I'm actually looking to a compatible e-sata external box for a 1Terabyte 3.5 disk that is compatible with e-sata express card.

alk.
 
Here is some advice from the school of hard knocks... an eSata to Sata adapter works great with Windows XP - I've used this configuraiton for over a year with zero problems in an older AMD based HP tower. The same eSata to Sata adapter in a very new i7 Based ASUS system appears to work fine BUT, windows 7 starts popping sata controller errors and eventually results in your internal SATA drive (the C drive in my case as I only have 1 internal HDD) becoming corrupt - MFT errors etc. IF you are going to do this with a newer chipset and OS, spend the $30 for an eSATA card or just run USB 3.0. I think this is a win7 / driver issue as the same hardware config works fine with the Shadow Protect live CD, which if you do this, you will become familiar with as you will be restoring your internal HDD from a backup when it gets toasted. To the previous poster - the difference in the eSata and Sata specs may seem minimal - but for the current win7 driver - its very significant.
 

Mikrev007 is correct. The voltage spec for SATA and eSATA overlap, but it is out of spec to connect one to the other. Technically, the signal change is usually accomplished with a buffer chip in the case where the manufacturer bothers to be in-spec.

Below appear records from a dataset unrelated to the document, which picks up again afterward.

lemma inc_lie_ideal_product_term:
  assumes fin: "finite X" and L: "inc_lie_ideal X L" and LJ: "L \<subseteq> jacobson X"
    and f: "f \<in> L" and g: "g \<in> incidence X" and abc: "a \<in> X" "b \<in> X" "c \<in> X"
  shows "inc_single a c (g a b * f b c) \<in> L"
proof (cases "a \<le> b \<and> b < c")
  case True
  have "inc_single b c (f b c) \<in> L"
    using True abc by (intro inc_lie_ideal_single_entry[OF fin L f]) auto
  then have "inc_single a c (f b c) \<in> L"
    by (rule inc_lie_ideal_single_shift[OF fin L]) (use True abc in auto)
  from inc_subspace_scale[OF inc_lie_ideal_subspace[OF L] this, of "g a b"]
  show ?thesis by (simp add: inc_single_def if_distrib cong: if_cong)
next
  case False
  have f': "f \<in> jacobson X" using f LJ by blast
  consider "\<not> a \<le> b" | "b = c" | "\<not> b \<le> c"
    using False order.order_iff_strict by blast
  then have product_zero: "g a b * f b c = 0"
  proof cases
    case 1
    then have "g a b = 0" using g unfolding incidence_def by blast
    then show ?thesis by simp
  next
    case 2
    then show ?thesis using f' abc(2) by (simp add: jacobson_def)
  next
    case 3
    then have "f b c = 0" using f' unfolding jacobson_def incidence_def by blast
    then show ?thesis by simp
  qed
  show ?thesis
    unfolding product_zero inc_single_zero by (rule inc_subspace_zero[OF inc_lie_ideal_subspace[OF L]])
qed

lemma inc_lie_ideal_mult_left:
  assumes fin: "finite X" and L: "inc_lie_ideal X L" and LJ: "L \<subseteq> jacobson X"
    and f: "f \<in> L" and g: "g \<in> incidence X"
  shows "inc_mult X g f \<in> L"
proof -
  have sub: "inc_subspace X L" using L by (rule inc_lie_ideal_subspace)
  have f': "f \<in> incidence X" using f LJ by (auto simp: jacobson_def)
  have "inc_single a c (inc_mult X g f a c) \<in> L" if "a \<in> X" "c \<in> X" for a c
    unfolding inc_mult_eq_sum[OF fin g f'] inc_single_sum
    using fin that by (intro inc_subspace_sum[OF sub] inc_lie_ideal_product_term[OF assms]) auto
  then have "(\<lambda>p q. \<Sum>a\<in>X. \<Sum>c\<in>X. inc_single a c (inc_mult X g f a c) p q) \<in> L"
    using fin by (intro inc_subspace_sum[OF sub]) auto
  then show ?thesis
    using incidence_sum_single[OF fin inc_mult_in_incidence[OF g f']] by simp
qed

lemma inc_lie_ideal_in_jacobson_imp_ideal:
  fixes L :: "('a::order \<Rightarrow> 'a \<Rightarrow> 'k::field) set"
  assumes fin: "finite X" and L: "inc_lie_ideal X L" and LJ: "L \<subseteq> jacobson X"
  shows "inc_ideal X L"
  unfolding inc_ideal_def
proof (intro conjI ballI)
  show sub: "inc_subspace X L" using L by (rule inc_lie_ideal_subspace)
  fix g f :: "'a \<Rightarrow> 'a \<Rightarrow> 'k"
  assume g: "g \<in> incidence X" and f: "f \<in> L"
  show gf: "inc_mult X g f \<in> L"
    using inc_lie_ideal_mult_left[OF assms f g] .
  have "(\<lambda>x y. inc_mult X g f x y - inc_bracket X g f x y) \<in> L"
    by (rule inc_subspace_diff[OF sub gf inc_lie_ideal_bracket[OF L g f]])
  then show "inc_mult X f g \<in> L"
    by (simp add: inc_bracket_def)
qed

theorem corollary3p5:
  fixes X :: "'a::order set" and S :: "('a \<Rightarrow> 'a \<Rightarrow> 'k::field) set"
  assumes "finite X" and "poset_connected X" and "S \<subseteq> jacobson X"
  shows "ideal_gen X S = lie_ideal_gen X S \<and>
    (\<forall>L::('a \<Rightarrow> 'a \<Rightarrow> 'k) set. inc_lie_ideal X L \<and> L \<subseteq> jacobson X \<longrightarrow> inc_ideal X L)"
proof
  show lie_ideals: "\<forall>L::('a \<Rightarrow> 'a \<Rightarrow> 'k) set. inc_lie_ideal X L \<and> L \<subseteq> jacobson X \<longrightarrow> inc_ideal X L"
    using inc_lie_ideal_in_jacobson_imp_ideal[OF assms(1)] by blast
  have J: "jacobson X \<in> {A. inc_lie_ideal X A \<and> S \<subseteq> A}"
    using jacobson_lie_ideal assms(3) by blast
  then have "inc_lie_ideal X (lie_ideal_gen X S)"
    unfolding lie_ideal_gen_def by (intro inc_lie_ideal_Inter) auto
  moreover have "lie_ideal_gen X S \<subseteq> jacobson X"
    unfolding lie_ideal_gen_def using J by blast
  ultimately have "inc_ideal X (lie_ideal_gen X S)"
    using lie_ideals by blast
  then have "ideal_gen X S \<subseteq> lie_ideal_gen X S"
    unfolding ideal_gen_def lie_ideal_gen_def by blast
  moreover have "lie_ideal_gen X S \<subseteq> ideal_gen X S"
    unfolding ideal_gen_def lie_ideal_gen_def using inc_ideal_imp_lie_ideal by blast
  ultimately show "ideal_gen X S = lie_ideal_gen X S" by blast
qed

end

However, except for eSATA-specific controllers, the spec is frequently ignored. My Asus motherboard came with one of these SATA to eSata cable thingies.

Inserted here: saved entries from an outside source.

lemma chain_class_append_cong:
  assumes c: "c \<in> CS" and d: "d \<in> CS" and cd: "chain_class c = chain_class d" and ds: "d @ s \<in> CS"
  shows "c @ s \<in> CS \<and> chain_class (c @ s) = chain_class (d @ s)"
proof (cases "s = []")
  case False
  have dne: "d \<noteq> []" using Cset_ne[OF d] .
  have "length d - 1 < length (d @ s)" using dne by (cases d) auto
  then have "sat_chain A le (drop (length d - 1) (d @ s))"
    using ds by (intro sat_chain_drop) (auto simp: Cset_def)
  moreover have "drop (length d - 1) (d @ s) = last d # s"
    using dne by (cases d rule: rev_cases) auto
  ultimately have "sat_chain A le (last d # s)" by simp
  moreover have "lsim A le lam z (last d) d c"
    using chain_class_eqD[OF c d cd] lsim_sym by simp
  ultimately have "lsim A le lam z (last (last d # s)) (d @ s) (c @ s)"
    by (rule lsim_append)
  then have L: "lsim A le lam z (last (d @ s)) (d @ s) (c @ s)"
    using False by simp
  then have "c @ s \<in> CS" "last (c @ s) = last (d @ s)"
    using mchains_iff_Cset[OF Cset_last_in[OF ds]] by (auto simp: lsim_def)
  then have "c @ s \<in> chain_class (d @ s)" using L mem_chain_class_iff[OF ds] by blast
  then show ?thesis using chain_class_eq_if_mem[OF ds] \<open>c @ s \<in> CS\<close> by blast
qed (use c cd in simp)

lemma Q_le_iff_extension:
  "QL X Y \<longleftrightarrow> (\<exists>c r. c \<in> CS \<and> c @ r \<in> CS \<and> X = chain_class c \<and> Y = chain_class (c @ r))"
proof
  assume "QL X Y"
  then show "\<exists>c r. c \<in> CS \<and> c @ r \<in> CS \<and> X = chain_class c \<and> Y = chain_class (c @ r)"
    unfolding Q_le_def
  proof (induction rule: trancl_induct)
    case (base Y) then show ?case by (rule Q_base_iff_extension[THEN iffD1])
  next
    case (step Y W)
    obtain c r where cr: "c \<in> CS" "c @ r \<in> CS" "X = chain_class c" "Y = chain_class (c @ r)"
      using step.IH by blast
    obtain d s where ds: "d \<in> CS" "d @ s \<in> CS" "Y = chain_class d" "W = chain_class (d @ s)"
      using Q_base_iff_extension[THEN iffD1, OF step.hyps(2)] by blast
    have "chain_class (c @ r) = chain_class d" using cr(4) ds(3) by simp
    from chain_class_append_cong[OF cr(2) ds(1) this ds(2)]
    have "c @ r @ s \<in> CS" "chain_class (c @ r @ s) = W" using ds(4) by simp_all
    then show ?case using cr(1,3) by blast
  qed
next
  assume "\<exists>c r. c \<in> CS \<and> c @ r \<in> CS \<and> X = chain_class c \<and> Y = chain_class (c @ r)"
  then have "(X, Y) \<in> Q_base A le z lam" by (rule Q_base_iff_extension[THEN iffD2])
  then show "QL X Y" unfolding Q_le_def by (rule r_into_trancl)
qed

lemma Q_le_extension: "c \<in> CS \<Longrightarrow> c @ r \<in> CS \<Longrightarrow> QL (chain_class c) (chain_class (c @ r))"
  by (rule Q_le_iff_extension[THEN iffD2]) blast

lemma Q_le_length:
  assumes c: "c \<in> CS" and d: "d \<in> CS" and L: "QL (chain_class c) (chain_class d)"
  shows "length c \<le> length d" "length c = length d \<Longrightarrow> chain_class c = chain_class d"
proof -
  obtain c' r where cr: "c' \<in> CS" "c' @ r \<in> CS" "chain_class c = chain_class c'"
    "chain_class d = chain_class (c' @ r)"
    using Q_le_iff_extension[THEN iffD1, OF L] by blast
  then have "length c = length c'" "length d = length c' + length r"
    using chain_class_eqD(1)[OF c cr(1)] chain_class_eqD(1)[OF d cr(2)] by simp_all
  then show "length c \<le> length d" "length c = length d \<Longrightarrow> chain_class c = chain_class d"
    using cr by auto
qed

lemma Q_poset: "is_poset QC QL"
  unfolding is_poset_def
proof (intro conjI ballI impI)
  fix X assume "X \<in> QC"
  then obtain c where "c \<in> CS" "X = chain_class c" using Q_carrier_iff[THEN iffD1] by blast
  then show "QL X X" using Q_le_extension[of c "[]"] by simp
next
  fix X Y assume "X \<in> QC" "Y \<in> QC" and L: "QL X Y \<and> QL Y X"
  then obtain c d where c: "c \<in> CS" "X = chain_class c" and d: "d \<in> CS" "Y = chain_class d"
    using Q_carrier_iff[THEN iffD1] by meson
  then have "length c = length d"
    using L Q_le_length(1)[OF c(1) d(1)] Q_le_length(1)[OF d(1) c(1)] by simp
  then show "X = Y" using L c d Q_le_length(2)[OF c(1) d(1)] by simp
next
  fix X Y W assume "QL X Y \<and> QL Y W"
  then show "QL X W" unfolding Q_le_def by auto
qed

lemma Q_bottom_eq: "Q_bottom A le z lam = chain_class [z]"
  by (simp add: Q_bottom_def chain_class_def)

lemma singleton_bottom_in_Cset: "[z] \<in> CS"
  using bottom_in by (simp add: Cset_def sat_chain_def)

lemma Q_is_bottom: "is_bottom QC QL (Q_bottom A le z lam)"
  unfolding is_bottom_def Q_bottom_eq
proof (intro conjI ballI)
  show "chain_class [z] \<in> QC" using Q_carrier_iff singleton_bottom_in_Cset by auto
  fix X assume "X \<in> QC"
  then obtain c where c: "c \<in> CS" "X = chain_class c" using Q_carrier_iff[THEN iffD1] by blast
  then have "c = [z] @ tl c" by (cases c) (auto simp: Cset_def sat_chain_def)
  then show "QL (chain_class [z]) X"
    using Q_le_extension[OF singleton_bottom_in_Cset, of "tl c"] c by simp
qed

subsection \<open>Chains of prefix classes\<close>

lemma Q_covers_snoc:
  assumes c: "c \<in> CS" and ca: "c @ [a] \<in> CS"
  shows "covers QC QL (chain_class c) (chain_class (c @ [a]))"
proof -
  have in_QC: "chain_class c \<in> QC" "chain_class (c @ [a]) \<in> QC" using c ca Q_carrier_iff by auto
  have ne: "chain_class c \<noteq> chain_class (c @ [a])" using chain_class_eqD(1)[OF c ca] by auto
  have "\<not> (pstrict QL (chain_class c) W \<and> pstrict QL W (chain_class (c @ [a])))"
    if W_in: "W \<in> QC" for W
  proof
    assume W: "pstrict QL (chain_class c) W \<and> pstrict QL W (chain_class (c @ [a]))"
    obtain w where w: "w \<in> CS" "W = chain_class w" using Q_carrier_iff[THEN iffD1, OF W_in] by blast
    have "QL (chain_class c) (chain_class w)" "chain_class c \<noteq> chain_class w"
      "QL (chain_class w) (chain_class (c @ [a]))" "chain_class w \<noteq> chain_class (c @ [a])"
      using W w by (simp_all add: pstrict_def)
    then have "length c < length w" "length w < length (c @ [a])"
      using Q_le_length[OF c w(1)] Q_le_length[OF w(1) ca] by (meson le_neq_implies_less)+
    then show False by simp
  qed
  then show ?thesis
    using in_QC ne Q_le_extension[OF c ca] by (auto simp: covers_def pstrict_def)
qed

In my experience, it usually works and sometimes fails. The convenience is not worth the occasional failure to me; when I use an eSATA cable, it is attached to a real eSATA controller and a drive in a real eSATA enclosure.

The real truth is: The out-of-spec connection usually works. There is no guarantee that it will work in any specific case, and you run the risk of lost data or a corrupted drive. I believe that a few anecdotes of failure (one of which I can provide) trumps any number of anecdotes of success.

Edit: Oh, techlawyer has provided another anecdote of failure. Thanks.